**Work required:** Repeat verbatim, and only, the lines of the data below, beginning at the line that contains "by (simp add: orthogonal_transformation_def" and stopping after the line that contains "k *\<^sub>R ((N".
*****
text \<open>f represents a germ along J x {0} of a developable strip: on some open
  neighbourhood U of J x {0}, f is a C-infinity embedding (injective immersion,
  homeomorphism onto its image) of ruled form f(u,v) = f(u,0) + v xi_f(u) with
  xi_f unit, and with zero Gaussian curvature.\<close>
definition developable_strip :: "real set \<Rightarrow> (real \<times> real \<Rightarrow> real^3) \<Rightarrow> bool" where
  "developable_strip J f \<longleftrightarrow>
     open J \<and> is_interval J \<and> J \<noteq> {} \<and>
     (\<exists>U. open U \<and> J \<times> {0} \<subseteq> U \<and> smooth_on U f \<and> inj_on f U \<and>
          continuous_on (f ` U) (inv_into U f) \<and>
          (\<forall>p\<in>U. cross3 (pu f p) (pv f p) \<noteq> 0) \<and>
          (\<forall>u v. (u, v) \<in> U \<longrightarrow> f (u, v) = f (u, 0) + v *\<^sub>R ruling f u) \<and>
          (\<forall>u\<in>J. norm (ruling f u) = 1) \<and>
          (\<forall>p\<in>U. gauss_curvature f p = 0))"

definition angular_rep :: "(real \<times> real \<Rightarrow> real^3) \<Rightarrow> real \<Rightarrow> real \<Rightarrow> real \<Rightarrow> bool" where
  "angular_rep f u \<alpha> \<beta> \<longleftrightarrow>
     0 < \<bar>\<alpha>\<bar> \<and> \<bar>\<alpha>\<bar> < pi / 2 \<and> 0 < \<beta> \<and> \<beta> < pi \<and>
     ruling f u = cos \<beta> *\<^sub>R unit_tangent (base_curve f) u +
                  sin \<beta> *\<^sub>R (cos \<alpha> *\<^sub>R principal_normal (base_curve f) u +
                              sin \<alpha> *\<^sub>R binormal (base_curve f) u)"

definition first_angular_function :: "(real \<times> real \<Rightarrow> real^3) \<Rightarrow> real \<Rightarrow> real" where
  "first_angular_function f u = (THE \<alpha>. \<exists>\<beta>. angular_rep f u \<alpha> \<beta>)"

text \<open>The class D(C) for the oriented curve C = gam ` I: f is a developable strip
  with parameter interval J whose base curve parametrizes C inducing the
  orientation given by gam, and whose ruling admits the normalized angular
  representation (equivalently 0 < |cos alpha_f| < 1).\<close>
definition in_D :: "real set \<Rightarrow> (real \<Rightarrow> real^3) \<Rightarrow> real set \<Rightarrow> (real \<times> real \<Rightarrow> real^3) \<Rightarrow> bool" where
  "in_D I gam J f \<longleftrightarrow>
     developable_strip J f \<and>
     (\<exists>\<phi>. strict_mono_on J \<phi> \<and> \<phi> ` J = I \<and> (\<forall>u\<in>J. base_curve f u = gam (\<phi> u))) \<and>
     (\<forall>u\<in>J. \<exists>\<alpha> \<beta>. angular_rep f u \<alpha> \<beta>)"

definition is_dual :: "real set \<Rightarrow> (real \<Rightarrow> real^3) \<Rightarrow> real set \<Rightarrow>
    (real \<times> real \<Rightarrow> real^3) \<Rightarrow> (real \<times> real \<Rightarrow> real^3) \<Rightarrow> bool" where
  "is_dual I gam J f g \<longleftrightarrow>
     in_D I gam J g \<and> (\<forall>u\<in>J. g (u, 0) = f (u, 0)) \<and>
     (\<forall>u\<in>J. first_angular_function g u = - first_angular_function f u)"

definition plane :: "real^3 \<Rightarrow> real^3 \<Rightarrow> (real^3) set" where
  "plane p0 N = {x. (x - p0) \<bullet> N = 0}"

definition reflection :: "real^3 \<Rightarrow> real^3 \<Rightarrow> real^3 \<Rightarrow> real^3" where
  "reflection p0 N x = x - (2 * ((x - p0) \<bullet> N) / (N \<bullet> N)) *\<^sub>R N"

end

(*
  The linear part of the reflection T0 is an orthogonal map that reverses cross products.
  Hence T0 o f is again a ruled, flat embedding, and since T0 fixes the plane of C pointwise,
  T0 o f has the same base curve as f and therefore the same Frenet frame (e, n, b).  As C is
  planar, e and n are parallel to the plane, so T0 fixes them and sends b to -b: the ruling
  cos beta e + sin beta (cos alpha n + sin alpha b) is mapped to the ruling with angles
  (-alpha, beta).  The normalized angles are unique, so the first angular function of T0 o f
  is -alpha_f.
*)
theory Submission
  imports Defs
begin

lemma reflection_fixes_plane: "x \<in> plane p0 N \<Longrightarrow> reflection p0 N x = x"
  unfolding plane_def reflection_def by simp

lemma reflection_reflection:
  assumes "N \<noteq> 0" shows "reflection p0 N (reflection p0 N x) = x"
proof -
  define a where "a = 2 * ((x - p0) \<bullet> N) / (N \<bullet> N)"
  have "a * (N \<bullet> N) = 2 * ((x - p0) \<bullet> N)" using assms by (simp add: a_def)
  then have "(x - a *\<^sub>R N - p0) \<bullet> N = - ((x - p0) \<bullet> N)"
    by (simp add: inner_diff_left algebra_simps)
  then show ?thesis by (simp add: reflection_def[of p0 N x] flip: a_def) (simp add: reflection_def a_def)
qed

lemma linear_reflection_origin: "linear (reflection 0 N)"
  unfolding reflection_def by (rule linearI) (auto simp: inner_add_left add_divide_distrib algebra_simps)

lemma bounded_linear_reflection_origin: "bounded_linear (reflection 0 N)"
  using linear_reflection_origin linear_conv_bounded_linear by blast

lemma inner_reflection_origin:
  "N \<noteq> 0 \<Longrightarrow> reflection 0 N x \<bullet> reflection 0 N y = x \<bullet> y"
  unfolding reflection_def
  by (simp add: inner_diff_left inner_diff_right inner_commute field_simps power2_eq_square)

lemma orthogonal_transformation_reflection:
  "N \<noteq> 0 \<Longrightarrow> orthogonal_transformation (reflection 0 N)"
  by (simp add: orthogonal_transformation_def linear_reflection_origin inner_reflection_origin)

lemma cross3_reflection:
  assumes "N \<noteq> 0"
  shows "cross3 (reflection 0 N a) (reflection 0 N b) = - reflection 0 N (cross3 a b)"
proof -
  define k where "k = 2 / (N \<bullet> N)"
  have R: "reflection 0 N x = x - (k * (x \<bullet> N)) *\<^sub>R N" for x
    unfolding reflection_def k_def by simp
  have ident: "(a \<bullet> N) *\<^sub>R cross3 N b + (b \<bullet> N) *\<^sub>R cross3 a N + (cross3 a b \<bullet> N) *\<^sub>R N = (N \<bullet> N) *\<^sub>R cross3 a b"
    by (simp add: cross3_simps forall_3)
  have "cross3 (reflection 0 N a) (reflection 0 N b) = cross3 a b - k *\<^sub>R ((a \<bullet> N) *\<^sub>R cross3 N b + (b \<bullet> N) *\<^sub>R cross3 a N)"
    unfolding R by (simp add: cross3_simps algebra_simps)
  also have "(a \<bullet> N) *\<^sub>R cross3 N b + (b \<bullet> N) *\<^sub>R cross3 a N = (N \<bullet> N) *\<^sub>R cross3 a b - (cross3 a b \<bullet> N) *\<^sub>R N"
    using ident by (simp add: algebra_simps)
  also have "cross3 a b - k *\<^sub>R ((N \<bullet> N) *\<^sub>R cross3 a b - (cross3 a b \<bullet> N) *\<^sub>R N) = - reflection 0 N (cross3 a b)"
    unfolding R using assms by (simp add: k_def algebra_simps vec_eq_iff)
  finally show ?thesis .
qed

lemma reflection_eq_origin_plus:
  "reflection p0 N x = reflection 0 N x + (2 * (p0 \<bullet> N) / (N \<bullet> N)) *\<^sub>R N"
  unfolding reflection_def by (simp add: inner_diff_left diff_divide_distrib algebra_simps)

lemma reflection_comp_eq:
  "reflection p0 N \<circ> f = (\<lambda>x. reflection 0 N (f x) + (2 * (p0 \<bullet> N) / (N \<bullet> N)) *\<^sub>R N)"
  by (simp add: fun_eq_iff reflection_eq_origin_plus[of p0 N])

lemma reflection_add: "reflection p0 N (x + y) = reflection p0 N x + reflection 0 N y"
  by (simp only: reflection_eq_origin_plus[of p0 N] linear_add[OF linear_reflection_origin] ac_simps)

lemma continuous_on_reflection: "continuous_on S (reflection p0 N)"
  unfolding reflection_comp_eq[of p0 N id, simplified]
  by (intro continuous_intros linear_continuous_on bounded_linear_reflection_origin)

lemma reflection_angular_combination:
  assumes N: "N \<noteq> 0" and "e \<bullet> N = 0" "n \<bullet> N = 0"
  shows "reflection 0 N (cos \<beta> *\<^sub>R e + sin \<beta> *\<^sub>R (cos \<alpha> *\<^sub>R n + sin \<alpha> *\<^sub>R cross3 e n))
    = cos \<beta> *\<^sub>R e + sin \<beta> *\<^sub>R (cos (-\<alpha>) *\<^sub>R n + sin (-\<alpha>) *\<^sub>R cross3 e n)"
proof -
  have L: "linear (reflection 0 N)" by (rule linear_reflection_origin)
  have e: "reflection 0 N e = e" and n: "reflection 0 N n = n"
    using assms by (simp_all add: reflection_fixes_plane plane_def)
  have "reflection 0 N (cross3 e n) = - cross3 e n"
    using cross3_reflection[OF N, of e n] unfolding e n by (metis minus_minus)
  then show ?thesis by (simp add: linear_add[OF L] linear_scale[OF L] e n)
qed

lemma smooth_on_differentiable: "smooth_on U f \<Longrightarrow> x \<in> U \<Longrightarrow> f differentiable (at x)"
  unfolding smooth_on_def by (metis dirder.simps(1) empty_set empty_subsetI)

lemma smooth_on_subset: "smooth_on U f \<Longrightarrow> open V \<Longrightarrow> V \<subseteq> U \<Longrightarrow> smooth_on V f"
  unfolding smooth_on_def by (meson continuous_on_subset subsetD)

lemma dirder_affine_comp:
  fixes f :: "'a::euclidean_space \<Rightarrow> 'b::real_normed_vector"
  assumes f: "smooth_on U f" and L: "bounded_linear L" and ds: "set ds \<subseteq> Basis" and x: "x \<in> U"
  shows "dirder ds (\<lambda>y. L (f y) + c) x = L (dirder ds f x) + (if ds = [] then c else 0)"
  using ds x
proof (induction ds arbitrary: x)
  case Nil
  then show ?case by simp
next
  case (Cons d ds)
  have U: "open U" using f unfolding smooth_on_def by auto
  have "(dirder ds f has_derivative frechet_derivative (dirder ds f) (at x)) (at x)"
    using f Cons.prems unfolding smooth_on_def by (simp add: frechet_derivative_works)
  then have "((\<lambda>y. L (dirder ds f y) + (if ds = [] then c else 0)) has_derivative
      (\<lambda>h. L (frechet_derivative (dirder ds f) (at x) h))) (at x)"
    by (intro has_derivative_add_const bounded_linear.has_derivative[OF L])
  then have "(dirder ds (\<lambda>y. L (f y) + c) has_derivative
      (\<lambda>h. L (frechet_derivative (dirder ds f) (at x) h))) (at x)"
    by (rule has_derivative_transform_within_open[OF _ U \<open>x \<in> U\<close>]) (use Cons in auto)
  then show ?case by (simp add: frechet_derivative_at[symmetric])
qed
*****
**Task response:**
  by (simp add: orthogonal_transformation_def linear_reflection_origin inner_reflection_origin)

lemma cross3_reflection:
  assumes "N \<noteq> 0"
  shows "cross3 (reflection 0 N a) (reflection 0 N b) = - reflection 0 N (cross3 a b)"
proof -
  define k where "k = 2 / (N \<bullet> N)"
  have R: "reflection 0 N x = x - (k * (x \<bullet> N)) *\<^sub>R N" for x
    unfolding reflection_def k_def by simp
  have ident: "(a \<bullet> N) *\<^sub>R cross3 N b + (b \<bullet> N) *\<^sub>R cross3 a N + (cross3 a b \<bullet> N) *\<^sub>R N = (N \<bullet> N) *\<^sub>R cross3 a b"
    by (simp add: cross3_simps forall_3)
  have "cross3 (reflection 0 N a) (reflection 0 N b) = cross3 a b - k *\<^sub>R ((a \<bullet> N) *\<^sub>R cross3 N b + (b \<bullet> N) *\<^sub>R cross3 a N)"
    unfolding R by (simp add: cross3_simps algebra_simps)
  also have "(a \<bullet> N) *\<^sub>R cross3 N b + (b \<bullet> N) *\<^sub>R cross3 a N = (N \<bullet> N) *\<^sub>R cross3 a b - (cross3 a b \<bullet> N) *\<^sub>R N"
    using ident by (simp add: algebra_simps)
  also have "cross3 a b - k *\<^sub>R ((N \<bullet> N) *\<^sub>R cross3 a b - (cross3 a b \<bullet> N) *\<^sub>R N) = - reflection 0 N (cross3 a b)"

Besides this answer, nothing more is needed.